## anonymous 5 years ago A) find the intervals on which f is increasing or decreasing. B) find the local maximum and minimum values of f C) Find the intervals of concavity and the inflection points. Where....

1. anonymous

$f(x)= \sin (x)+\cos (x), 0\le x \le2\pi$

2. anonymous

i guess what i really need help with is the critical points in the first derivative text and in the second derivative test.

3. anonymous

$f'(x) = \cos(x) - \sin(x) = Rcos(x + \alpha)$ for some alpha. Expanding: cos(x) - sin(x) = Rcos(a)cos(x) - Rsin(a)(sin(x) => R cos(a) = R sin (a) = 1 => tan a = 1 => a = pi/4. R^2(sin^2(a) + cos^2(a)) = 2 => R = sqrt(2) Gogogogogog

4. anonymous

hmm thanks i'm pretty sure i need to approach that differently

5. anonymous

You think I'm wrong?

6. anonymous

f'(x) = 0 iff cos(x-pi/4) = 0 iff x-pi/4 = pi/2 , 3pi/2 iff x = 3pi/4, 7pi/4 You have your critical values

7. anonymous

the alpha and r is was confused me. i've never had to use that in calculus sorry. didnt mean to like offend or anything

8. anonymous

Well, my method gets you the critical values of d/dx f(x). And your method doesn't exist.

9. nowhereman

10. anonymous

Just realised I should take off pi/4 - sorry, I'm getting old.

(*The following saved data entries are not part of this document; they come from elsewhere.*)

(* Let $V(1),\dots,V(T)\in\mathbb R^p$ and $0=\nu_0<\nu_1<\dots<\nu_M=T$ with $M\ge2$ be such that $V(\nu_m+1)=\dots=V(\nu_{m+1})$ for all $m=0,\dots,M-1$. For $t\in\{1,\dots,T-1\}$ let \[ \widetilde V(t)=\sqrt{\frac{T-t}{Tt}}\sum_{r=1}^tV(r)-\sqrt{\frac{t}{T(T-t)}}\sum_{r=t+1}^TV(r). \] Then the maximum of $\|\widetilde V(t)\|^2$ over $t\in\{1,\dots,T-1\}$ is attained at a change point $\nu_m$, $1\le m\le M-1$; and for each $m=1,\dots,M$, restricted to integers $t\in[\nu_{m-1},\nu_m]\cap\{1,\dots,T-1\}$, the function $t\mapsto\|\widetilde V(t)\|^2$ is either monotone or first decreases and then increases.
   Context: $\|\cdot\|$ is the Euclidean norm. The points $\nu_1,\dots,\nu_{M-1}$ are the change points of the piecewise constant sequence $V$. *)

theory Defs
  imports "HOL-Analysis.Analysis"
begin

definition Vtilde :: "(nat \<Rightarrow> real ^ 'p) \<Rightarrow> nat \<Rightarrow> nat \<Rightarrow> real ^ 'p" where
  "Vtilde V T t =
     sqrt ((real T - real t) / (real T * real t)) *\<^sub>R (\<Sum>r\<in>{1..t}. V r)
   - sqrt (real t / (real T * (real T - real t))) *\<^sub>R (\<Sum>r\<in>{t+1..T}. V r)"

definition decreasing_on :: "nat set \<Rightarrow> (nat \<Rightarrow> real) \<Rightarrow> bool" where
  "decreasing_on S f \<longleftrightarrow> monotone_on S (\<le>) (\<ge>) f"

definition dec_then_inc_on :: "nat set \<Rightarrow> (nat \<Rightarrow> real) \<Rightarrow> bool" where
  "dec_then_inc_on S f \<longleftrightarrow>
     (\<exists>s\<in>S. decreasing_on {t\<in>S. t \<le> s} f \<and> mono_on {t\<in>S. s \<le> t} f)"

end

theory Submission
  imports Defs
begin

text \<open>
  With \<open>S(t) = V(1) + \<dots> + V(t)\<close>, one has
  \<open>T t (T - t) \<parallel>\<tilde>V(t)\<parallel>\<^sup>2 = \<parallel>T S(t) - t S(T)\<parallel>\<^sup>2\<close>. Between two consecutive change points \<open>S\<close> is
  affine in \<open>t\<close>, so \<open>\<parallel>\<tilde>V(t)\<parallel>\<^sup>2\<close> is the squared norm of an affine function divided by the
  concave parabola \<open>T t (T - t)\<close>. Such a ratio is quasiconvex: if it is at most \<open>c\<close> at two
  points, then the convex quadratic \<open>\<parallel>A + t B\<parallel>\<^sup>2 - c T t (T - t)\<close> is nonpositive there and
  hence in between. Quasiconvexity on each segment gives the shape statement, and bounds
  \<open>\<parallel>\<tilde>V\<parallel>\<^sup>2\<close> on a segment by its values at the endpoints; these are change points or \<open>0\<close>
  and \<open>T\<close>, where \<open>\<tilde>V\<close> vanishes.
\<close>

lemma norm_affine_sq_le_parabola_between:
  fixes A B :: "'a::real_inner" and x y z c T :: real
  assumes "x \<le> y" "y \<le> z" "0 \<le> c"
    and "(norm (A + x *\<^sub>R B))\<^sup>2 \<le> c * x * (T - x)"
    and "(norm (A + z *\<^sub>R B))\<^sup>2 \<le> c * z * (T - z)"
  shows "(norm (A + y *\<^sub>R B))\<^sup>2 \<le> c * y * (T - y)"
proof (cases "x = z")
  case True
  then show ?thesis using assms by simp
next
  case False
  define g where "g w = (norm (A + w *\<^sub>R B))\<^sup>2 - c * w * (T - w)" for w
  have g_expand: "g w = inner A A + 2 * w * inner A B + w\<^sup>2 * (inner B B + c) - c * T * w" for w
    unfolding g_def power2_norm_eq_inner
    by (simp add: inner_add_left inner_add_right inner_commute[of B A] algebra_simps power2_eq_square)
  have "(z - x) * g y = (z - y) * g x + (y - x) * g z - (inner B B + c) * (z - y) * (y - x) * (z - x)"
    unfolding g_expand by (simp add: algebra_simps power2_eq_square)
  moreover have "(z - y) * g x \<le> 0" "(y - x) * g z \<le> 0"
    using assms by (simp_all add: g_def mult_nonneg_nonpos)
  moreover have "0 \<le> (inner B B + c) * (z - y) * (y - x) * (z - x)"
    using assms by simp
  ultimately have "(z - x) * g y \<le> 0"
    by linarith
  then have "g y \<le> 0"
    using assms False by (simp add: mult_le_0_iff)
  then show ?thesis unfolding g_def by simp
qed

lemma Vtilde_0 [simp]: "Vtilde V T 0 = 0"
  by (simp add: Vtilde_def)

lemma Vtilde_self [simp]: "Vtilde V T T = 0"
  by (simp add: Vtilde_def)

lemma norm_Vtilde_sq_mult:
  fixes V :: "nat \<Rightarrow> real ^ 'p"
  assumes "t \<le> T"
  shows "(norm (Vtilde V T t))\<^sup>2 * (real T * real t * (real T - real t))
       = (norm (real T *\<^sub>R (\<Sum>r\<in>{1..t}. V r) - real t *\<^sub>R (\<Sum>r\<in>{1..T}. V r)))\<^sup>2"
proof (cases "t = 0 \<or> t = T")
  case True
  then show ?thesis by auto
next
  case False
  with assms have t: "0 < t" "t < T" by auto
  define D where "D = real T * real t * (real T - real t)"
  have "D > 0" unfolding D_def using t by simp
  have "(real T - real t) / (real T * real t) = (real T - real t)\<^sup>2 / D"
    and "real t / (real T * (real T - real t)) = (real t)\<^sup>2 / D"
    unfolding D_def using t by (simp_all add: field_simps power2_eq_square)
  then have sqrt_left: "sqrt ((real T - real t) / (real T * real t)) = (real T - real t) / sqrt D"
    and sqrt_right: "sqrt (real t / (real T * (real T - real t))) = real t / sqrt D"
    using t by (simp_all add: real_sqrt_divide)
  define L R where "L = (\<Sum>r\<in>{1..t}. V r)" and "R = (\<Sum>r\<in>{t+1..T}. V r)"
  have total: "(\<Sum>r\<in>{1..T}. V r) = L + R"
    using sum.ub_add_nat[of 1 t V "T - t"] t unfolding L_def R_def by simp
  have "Vtilde V T t = (1 / sqrt D) *\<^sub>R (real T *\<^sub>R L - real t *\<^sub>R (L + R))"
    unfolding Vtilde_def sqrt_left sqrt_right L_def[symmetric] R_def[symmetric]
    by (simp add: algebra_simps scaleR_diff_left flip: scaleR_add_left add_divide_distrib)
  then have "(norm (Vtilde V T t))\<^sup>2 * D = (norm (real T *\<^sub>R L - real t *\<^sub>R (L + R)))\<^sup>2"
    using \<open>D > 0\<close> by (simp add: power_divide)
  then show ?thesis
    unfolding D_def total L_def .
qed

lemma sum_upto_constant_tail:
  fixes V :: "nat \<Rightarrow> 'a::real_vector"
  assumes "a \<le> t" and "\<And>u. a < u \<Longrightarrow> u \<le> t \<Longrightarrow> V u = v"
  shows "(\<Sum>r\<in>{1..t}. V r) = (\<Sum>r\<in>{1..a}. V r) + real (t - a) *\<^sub>R v"
proof -
  have "(\<Sum>r\<in>{1..t}. V r) = (\<Sum>r\<in>{1..a}. V r) + (\<Sum>r\<in>{a+1..t}. V r)"
    using sum.ub_add_nat[of 1 a V "t - a"] assms(1) by simp
  also have "(\<Sum>r\<in>{a+1..t}. V r) = (\<Sum>r\<in>{a+1..t}. v)"
    using assms(2) by (intro sum.cong) auto
  finally show ?thesis by (simp add: sum_constant_scaleR)
qed

lemma norm_Vtilde_sq_quasiconvex_on_segment:
  fixes V :: "nat \<Rightarrow> real ^ 'p"
  assumes const: "\<And>u. a < u \<Longrightarrow> u \<le> b \<Longrightarrow> V u = V b" and "b \<le> T"
    and order: "a \<le> x" "x \<le> y" "y \<le> z" "z \<le> b"
  shows "(norm (Vtilde V T y))\<^sup>2 \<le> max ((norm (Vtilde V T x))\<^sup>2) ((norm (Vtilde V T z))\<^sup>2)"
proof -
  define f where "f t = (norm (Vtilde V T t))\<^sup>2" for t
  define D where "D t = real T * real t * (real T - real t)" for t
  define S where "S t = (\<Sum>r\<in>{1..t}. V r)" for t
  define A where "A = real T *\<^sub>R S a - (real a * real T) *\<^sub>R V b"
  define B where "B = real T *\<^sub>R V b - S T"
  have affine: "f t * D t = (norm (A + real t *\<^sub>R B))\<^sup>2" if "a \<le> t" "t \<le> b" for t
  proof -
    have S_t: "S t = S a + real (t - a) *\<^sub>R V b"
      unfolding S_def using that by (intro sum_upto_constant_tail const) auto
    have "real T *\<^sub>R S t - real t *\<^sub>R S T = A + real t *\<^sub>R B"
      unfolding S_t A_def B_def using that by (simp add: algebra_simps)
    then show ?thesis
      using norm_Vtilde_sq_mult[of t T V] that \<open>b \<le> T\<close> unfolding f_def D_def S_def by simp
  qed
  define c where "c = max (f x) (f z)"
  have "0 \<le> c" unfolding c_def f_def by (simp add: le_max_iff_disj)
  have endpoints: "(norm (A + real t *\<^sub>R B))\<^sup>2 \<le> (c * real T) * real t * (real T - real t)"
    if "t = x \<or> t = z" for t
  proof -
    have "a \<le> t" "t \<le> b" "t \<le> T" using that order \<open>b \<le> T\<close> by auto
    then have "(norm (A + real t *\<^sub>R B))\<^sup>2 = f t * D t" by (simp add: affine)
    also have "\<dots> \<le> c * D t"
      using that \<open>t \<le> T\<close> by (intro mult_right_mono) (auto simp: c_def D_def)
    finally show ?thesis by (simp add: D_def mult_ac)
  qed
  have "(norm (A + real y *\<^sub>R B))\<^sup>2 \<le> (c * real T) * real y * (real T - real y)"
    using endpoints \<open>0 \<le> c\<close> order
    by (intro norm_affine_sq_le_parabola_between[of "real x" "real y" "real z"]) auto
  then have "f y * D y \<le> c * D y"
    using affine[of y] order by (simp add: D_def mult_ac)
  moreover have "0 < D y \<or> f y = 0"
  proof (cases "y = 0 \<or> y = T")
    case True
    then show ?thesis by (auto simp: f_def)
  next
    case False
    then show ?thesis using order \<open>b \<le> T\<close> by (simp add: D_def)
  qed
  ultimately have "f y \<le> c"
    using \<open>0 \<le> c\<close> by (auto simp: mult_le_cancel_right_pos)
  then show ?thesis unfolding c_def f_def .
qed

lemma quasiconvex_imp_mono_on_or_dec_then_inc_on:
  fixes S :: "nat set" and f :: "nat \<Rightarrow> real"
  assumes "finite S"
    and quasiconvex: "\<And>x y z. x \<in> S \<Longrightarrow> y \<in> S \<Longrightarrow> z \<in> S \<Longrightarrow> x < y \<Longrightarrow> y < z \<Longrightarrow>
      f y \<le> max (f x) (f z)"
  shows "mono_on S f \<or> dec_then_inc_on S f"
proof (cases "S = {}")
  case True
  then show ?thesis by (simp add: mono_on_def)
next
  case False
  with \<open>finite S\<close> obtain s where "s \<in> S" and s_min: "\<And>t. t \<in> S \<Longrightarrow> f s \<le> f t"
    by (metis obtains_MIN Min_le finite_imageI imageI)
  have "decreasing_on {t\<in>S. t \<le> s} f"
    unfolding decreasing_on_def monotone_on_def
  proof (intro ballI impI)
    fix u v assume "u \<in> {t\<in>S. t \<le> s}" "v \<in> {t\<in>S. t \<le> s}" "u \<le> v"
    then show "f v \<le> f u"
      using quasiconvex[of u v s] s_min[of u] \<open>s \<in> S\<close> by (cases "u = v \<or> v = s") auto
  qed
  moreover have "mono_on {t\<in>S. s \<le> t} f"
  proof (rule mono_onI)
    fix u v assume "u \<in> {t\<in>S. s \<le> t}" "v \<in> {t\<in>S. s \<le> t}" "u \<le> v"
    then show "f u \<le> f v"
      using quasiconvex[of s u v] s_min[of v] \<open>s \<in> S\<close> by (cases "u = v \<or> u = s") auto
  qed
  ultimately show ?thesis
    unfolding dec_then_inc_on_def using \<open>s \<in> S\<close> by blast
qed

lemma exists_segment_containing:
  fixes nu :: "nat \<Rightarrow> 'a::linorder"
  assumes "nu 0 < t" "t \<le> nu M"
  shows "\<exists>m\<in>{1..M}. nu (m - 1) < t \<and> t \<le> nu m"
proof -
  define m where "m = (LEAST m. t \<le> nu m)"
  have "t \<le> nu m" and "m \<le> M"
    unfolding m_def using assms(2) by (auto intro: LeastI Least_le)
  moreover have "m \<noteq> 0"
    using \<open>t \<le> nu m\<close> assms(1) by (cases m) auto
  moreover have "\<not> t \<le> nu (m - 1)"
    using \<open>m \<noteq> 0\<close> unfolding m_def by (intro not_less_Least) auto
  ultimately show ?thesis
    by (intro bexI[of _ m]) (auto simp: not_le)
qed

locale piecewise_constant_sequence =
  fixes V :: "nat \<Rightarrow> real ^ 'p" and T M :: nat and nu :: "nat \<Rightarrow> nat"
  assumes nu0: "nu 0 = 0" and nuM: "nu M = T"
    and nu_mono: "\<And>m. m < M \<Longrightarrow> nu m < nu (Suc m)"
    and piecewise: "\<And>m t. m < M \<Longrightarrow> nu m + 1 \<le> t \<Longrightarrow> t \<le> nu (Suc m) \<Longrightarrow> V t = V (nu (Suc m))"
begin

lemma change_point_le:
  assumes "m \<le> M"
  shows "nu m \<le> T"
proof -
  have "nu m \<le> nu M"
    by (rule lift_Suc_mono_le_ivl[of "{..<M}"]) (use assms in \<open>auto intro: less_imp_le nu_mono\<close>)
  then show ?thesis using nuM by simp
qed

lemma norm_Vtilde_sq_quasiconvex_between_change_points:
  assumes "m \<in> {1..M}" "nu (m - 1) \<le> x" "x \<le> y" "y \<le> z" "z \<le> nu m"
  shows "(norm (Vtilde V T y))\<^sup>2 \<le> max ((norm (Vtilde V T x))\<^sup>2) ((norm (Vtilde V T z))\<^sup>2)"
proof (rule norm_Vtilde_sq_quasiconvex_on_segment[where a = "nu (m - 1)" and b = "nu m"])
  show "V u = V (nu m)" if "nu (m - 1) < u" "u \<le> nu m" for u
    using piecewise[of "m - 1" u] that assms(1) by auto
  show "nu m \<le> T"
    using change_point_le assms(1) by simp
qed (use assms in auto)

lemma norm_Vtilde_sq_max_at_change_point:
  assumes "M \<ge> 2"
  shows "\<exists>m\<in>{1..M-1}. \<forall>t\<in>{1..T-1}. (norm (Vtilde V T t))\<^sup>2 \<le> (norm (Vtilde V T (nu m)))\<^sup>2"
proof -
  define f where "f t = (norm (Vtilde V T t))\<^sup>2" for t
  obtain m0 where "m0 \<in> {1..M-1}" and m0_max: "Max ((f \<circ> nu) ` {1..M-1}) = f (nu m0)"
    by (rule obtains_MAX[of "{1..M-1}" "f \<circ> nu"]) (use assms in auto)
  have at_change_points: "f (nu m) \<le> f (nu m0)" if "m \<le> M" for m
  proof (cases "m = 0 \<or> m = M")
    case True
    then show ?thesis by (auto simp: f_def nu0 nuM)
  next
    case False
    then have "m \<in> {1..M-1}" using that by auto
    then show ?thesis using m0_max Max_ge[of "(f \<circ> nu) ` {1..M-1}"] by auto
  qed
  have "f t \<le> f (nu m0)" if t: "t \<in> {1..T-1}" for t
  proof -
    have "nu 0 < t" "t \<le> nu M" using t nu0 nuM by auto
    then obtain m where m: "m \<in> {1..M}" "nu (m - 1) < t" "t \<le> nu m"
      by (blast dest: exists_segment_containing)
    then have "f t \<le> max (f (nu (m - 1))) (f (nu m))"
      unfolding f_def by (intro norm_Vtilde_sq_quasiconvex_between_change_points[of m]) auto
    also have "\<dots> \<le> f (nu m0)"
      using at_change_points[of "m - 1"] at_change_points[of m] m(1) by auto
    finally show ?thesis .
  qed
  then show ?thesis
    using \<open>m0 \<in> {1..M-1}\<close> unfolding f_def by blast
qed

lemma norm_Vtilde_sq_shape_between_change_points:
  assumes "m \<in> {1..M}" and "S \<subseteq> {nu (m - 1)..nu m}"
  shows "mono_on S (\<lambda>t. (norm (Vtilde V T t))\<^sup>2) \<or> dec_then_inc_on S (\<lambda>t. (norm (Vtilde V T t))\<^sup>2)"
proof (rule quasiconvex_imp_mono_on_or_dec_then_inc_on)
  show "finite S"
    using assms(2) by (rule finite_subset) simp
  show "(norm (Vtilde V T y))\<^sup>2 \<le> max ((norm (Vtilde V T x))\<^sup>2) ((norm (Vtilde V T z))\<^sup>2)"
    if "x \<in> S" "y \<in> S" "z \<in> S" "x < y" "y < z" for x y z
    using that assms by (intro norm_Vtilde_sq_quasiconvex_between_change_points[of m]) auto
qed

end

theorem proposition1:
  fixes V :: "nat \<Rightarrow> real ^ 'p" and T M :: nat and nu :: "nat \<Rightarrow> nat"
  assumes M2: "M \<ge> 2"
    and nu0: "nu 0 = 0" and nuM: "nu M = T"
    and nu_mono: "\<And>m. m < M \<Longrightarrow> nu m < nu (Suc m)"
    and piecewise: "\<And>m t. m < M \<Longrightarrow> nu m + 1 \<le> t \<Longrightarrow> t \<le> nu (Suc m) \<Longrightarrow> V t = V (nu (Suc m))"
  shows "(\<exists>m\<in>{1..M-1}. \<forall>t\<in>{1..T-1}. (norm (Vtilde V T t))\<^sup>2 \<le> (norm (Vtilde V T (nu m)))\<^sup>2)
       \<and> (\<forall>m\<in>{1..M}.
            let S = {t. nu (m-1) \<le> t \<and> t \<le> nu m \<and> 1 \<le> t \<and> t \<le> T - 1};
                f = (\<lambda>t. (norm (Vtilde V T t))\<^sup>2)
            in mono_on S f \<or> decreasing_on S f \<or> dec_then_inc_on S f)"
proof -
  interpret piecewise_constant_sequence V T M nu
    using nu0 nuM nu_mono piecewise by unfold_locales
  have segment: "{t. nu (m-1) \<le> t \<and> t \<le> nu m \<and> 1 \<le> t \<and> t \<le> T - 1} \<subseteq> {nu (m-1)..nu m}" for m
    by auto
  show ?thesis
    unfolding Let_def
    using norm_Vtilde_sq_max_at_change_point[OF M2]
      norm_Vtilde_sq_shape_between_change_points[OF _ segment]
    by blast
qed

end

It was a copying error, rather than a mathematical one (because I don't make them). Critical values are pi/4, 5pi/4 Oh, and on the subject of your precious leibniz : http://imgs.xkcd.com/comics/newton_and_leibniz.png

11. anonymous

ha that was funny. i still dont understand where the R or alpha come from. i'm sorry i havent had trig in a really long time so these trig equations always throw me off

12. anonymous

In general, you can rewrite m * cos(x) + n sin(x) as R cos (x ± a) (or R sin (x ± a) because of how they expand. if you work out R and, more importantly for this problem, a, you can use it to work out the minimum/maximum/critical etc values. It's done because it's easier to work with an equation with once trig function than 2:

13. anonymous

There is probably some other way to do this, but I can't think of it right now, so it's probably not too good.

14. anonymous

You could use the same method on the original equation (not the derivative) - if you are good at sketching, it's quicker.